Many children of oil palm farmers continue their education at favorite schools or colleges, opening up employment opportunities. Even in villages where people plant oil palm, unemployment is not found.
Build your own factory
Chairman of the South Kalimantan Oil Palm Farmers Association (Apkasindo) Samsul Bahri said, one of the reasons for the company was because farmers had not partnered with them. While another reason is that the company already has its own FFB.
But in fact, the company continues to buy fruit farmers with their own prices. Even though in Tanah Laut, only one palm oil mill bought farmer's FFB.
According to Samsul, the solution that can overcome the problem of the price of FFB for farmers is to build their own factories. "With their own factory there is a guarantee of the price of farmers' FFB," he said.
To build the CPO factory, Apkasindo Cooperative cooperates with local investors, namely Batu Gunung Mulia Putra, who is based in Tapin. The company will build a palm oil mill in Tanah Laut and will buy farmer's FFB.

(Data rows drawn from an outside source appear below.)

lemma sigma_left_of_swap_gt:
  assumes m: "m < length w" and a: "1 \<le> a" "a < w ! m"
  shows "sigma w m (w ! m) < sigma w m a"
proof (rule ccontr)
  define q where "q = w ! m"
  have q: "1 \<le> q" "q < n"
    using letter_network[OF m] q_def by auto
  assume "\<not> ?thesis"
  moreover have "sigma w m a \<noteq> sigma w m q"
    using inj_on_contraD[OF inj_on_sigma_network, of m a q] m a q q_def by simp
  ultimately have "sigma w m a < sigma w m q"
    using q_def by simp
  moreover have "sigma w m q < sigma w m (q + 1)"
    using sigma_ascent[OF m] q_def by simp
  moreover have "sigma w (Suc m) a = sigma w m a" "sigma w (Suc m) q = sigma w m (q + 1)"
    "sigma w (Suc m) (q + 1) = sigma w m q"
    using a q_def by (auto simp: adj_swap_def)
  ultimately have "\<not> avoids_132 n (sigma w (Suc m))"
    unfolding avoids_132_def not_not using a q q_def
    by (intro exI[of _ a] exI[of _ q] exI[of _ "q + 1"]) simp
  then show False
    using avoids_132_sigma[of "Suc m"] m by simp
qed

lemma left_of_swap_if_between:
  assumes m: "m < length w" and c: "1 \<le> c" "c \<le> n"
    and between: "sigma w m (w ! m) < sigma w m c" "sigma w m c < sigma w m (w ! m + 1)"
  shows "c < w ! m"
proof (rule ccontr)
  assume "\<not> ?thesis"
  moreover have "c \<noteq> w ! m" "c \<noteq> w ! m + 1"
    using between by auto
  ultimately have "w ! m + 1 < c"
    by linarith
  then have "\<not> avoids_132 n (sigma w m)"
    unfolding avoids_132_def not_not using between letter_network[OF m] c
    by (intro exI[of _ "w ! m"] exI[of _ "w ! m + 1"] exI[of _ c]) simp
  then show False
    using avoids_132_sigma[of m] m by simp
qed

lemma swap_value_precedes_smaller:
  assumes t: "t < length w" and i: "i \<in> {1..n}" "i < sigma w t (w ! t)"
  shows "precedes n (sigma w t) (sigma w t (w ! t)) i"
proof -
  obtain c where c: "c \<in> {1..n}" "sigma w t c = i"
    using sigma_surj[OF _ i(1), of t] t by auto
  have "\<not> c < w ! t"
    using sigma_left_of_swap_gt[OF t, of c] c i(2) by auto
  moreover have "c \<noteq> w ! t" "c \<noteq> w ! t + 1"
    using c i(2) sigma_ascent[OF t] by auto
  ultimately show ?thesis
    unfolding precedes_def using c letter_network[OF t]
    by (intro exI[of _ "w ! t"] exI[of _ c]) auto
qed

lemma sigma_left_of_swap_lt:
  assumes m: "m < length w" and a: "1 \<le> a" "a < w ! m"
  shows "sigma w m a < sigma w m (w ! m + 1)"
proof (rule ccontr)
  define q i j x where "q = w ! m" and "i = sigma w m q" and "j = sigma w m (q + 1)"
    and "x = sigma w m a"
  have q: "1 \<le> q" "q < n" and aq: "a < q"
    using letter_network[OF m] a q_def by auto
  have inj: "inj_on (sigma w m) {1..n}"
    using inj_on_sigma_network m by simp
  have "i < j"
    using sigma_ascent[OF m] q_def i_def j_def by simp
  assume "\<not> ?thesis"
  moreover have "x \<noteq> j"
    using inj_on_contraD[OF inj, of a "q + 1"] a(1) aq q unfolding x_def j_def by simp
  ultimately have "j < x"
    using x_def j_def q_def by simp
  have range: "i \<in> {1..n}" "j \<in> {1..n}" "x \<in> {1..n}"
    using sigma_in_interval m a(1) aq q unfolding i_def j_def x_def by auto
  have "precedes n (sigma w m) x j"
    unfolding precedes_def x_def j_def using a(1) aq q by (intro exI[of _ a] exI[of _ "q + 1"]) auto
  then obtain t where t: "t < m" and swap: "sigma w t (w ! t) = j"
    using exists_swap_step[of j x m] \<open>j < x\<close> range m by auto
  then have "precedes n (sigma w t) j i"
    using swap_value_precedes_smaller[of t i] \<open>i < j\<close> range m by simp
  then have "precedes n (sigma w m) j i"
    using inversion_persists \<open>i < j\<close> t m by simp
  moreover have "precedes n (sigma w m) i j"
    unfolding precedes_def i_def j_def using q by (intro exI[of _ q] exI[of _ "q + 1"]) auto
  ultimately show False
    using precedes_asym inj by blast
qed

lemma image_sigma_left_of_swap:
  assumes m: "m < length w"
  shows "sigma w m ` {1..<w ! m} = {sigma w m (w ! m)<..<sigma w m (w ! m + 1)}"
proof
  show "sigma w m ` {1..<w ! m} \<subseteq> {sigma w m (w ! m)<..<sigma w m (w ! m + 1)}"
    using sigma_left_of_swap_gt[OF m] sigma_left_of_swap_lt[OF m] by auto
next
  show "{sigma w m (w ! m)<..<sigma w m (w ! m + 1)} \<subseteq> sigma w m ` {1..<w ! m}"
  proof
    fix y assume y: "y \<in> {sigma w m (w ! m)<..<sigma w m (w ! m + 1)}"
    have "sigma w m (w ! m + 1) \<le> n"
      using sigma_in_interval m letter_network[OF m] by simp
    then obtain c where c: "c \<in> {1..n}" "sigma w m c = y"
      using sigma_surj[of m y] m y by auto
    then have "c < w ! m"
      using left_of_swap_if_between[OF m] y by auto
    then show "y \<in> sigma w m ` {1..<w ! m}"
      using c by force
  qed
qed

end

theorem mainTheorem7:
  fixes n i j :: nat and w :: "nat list"
  assumes "avoiding_132_network n w"
    and "1 \<le> i" and "i < j" and "j \<le> n"
    and "1 \<le> k" and "k \<le> length w"
    and "{sigma w (k - 1) (w ! (k - 1)), sigma w (k - 1) (w ! (k - 1) + 1)} = {i, j}"
  shows "w ! (k - 1) = j - i"
proof -
  define m q where "m = k - 1" and "q = w ! (k - 1)"
  have m: "m < length w"
    using assms(5,6) m_def by simp
  have q: "1 \<le> q" "q < n"
    using letter_network[OF assms(1) m] m_def q_def by auto
  have "sigma w m q = i" "sigma w m (q + 1) = j"
    using assms(3,7) sigma_ascent[OF assms(1) m] unfolding m_def q_def
    by (auto simp: doubleton_eq_iff)
  then have "sigma w m ` {1..<q} = {i<..<j}"
    using image_sigma_left_of_swap[OF assms(1) m] m_def q_def by simp
  moreover have "inj_on (sigma w m) {1..<q}"
    by (rule inj_on_subset[OF inj_on_sigma_network[OF assms(1)]]) (use m q in auto)
  ultimately have "card {1..<q} = card {i<..<j}"
    using card_image by metis
  then show ?thesis
    using q assms(3) q_def by simp
qed

end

Another solution that can be done is cooperation between the government and farmers, starting at the RT (neighborhood unit) level or village head to the center. It is expected that it will erase the half-hearted impression has been labeled to the government.
The problem is that the government through the Plantation and Animal Husbandry Agency together with related institutions every month sets the price of FFB and its derivatives. But the fact is that the farmers' FFB field was bought not based on that provision.
That can happen because it does not rule out the possibility that supervision is not optimal, so the company seems neglectful about the provision, because there is no strict supervision and sanctions.
Through this pattern of cooperation, it is expected that the problems faced by farmers can be directly conveyed to the government, then all problems will be solved faster and not protracted.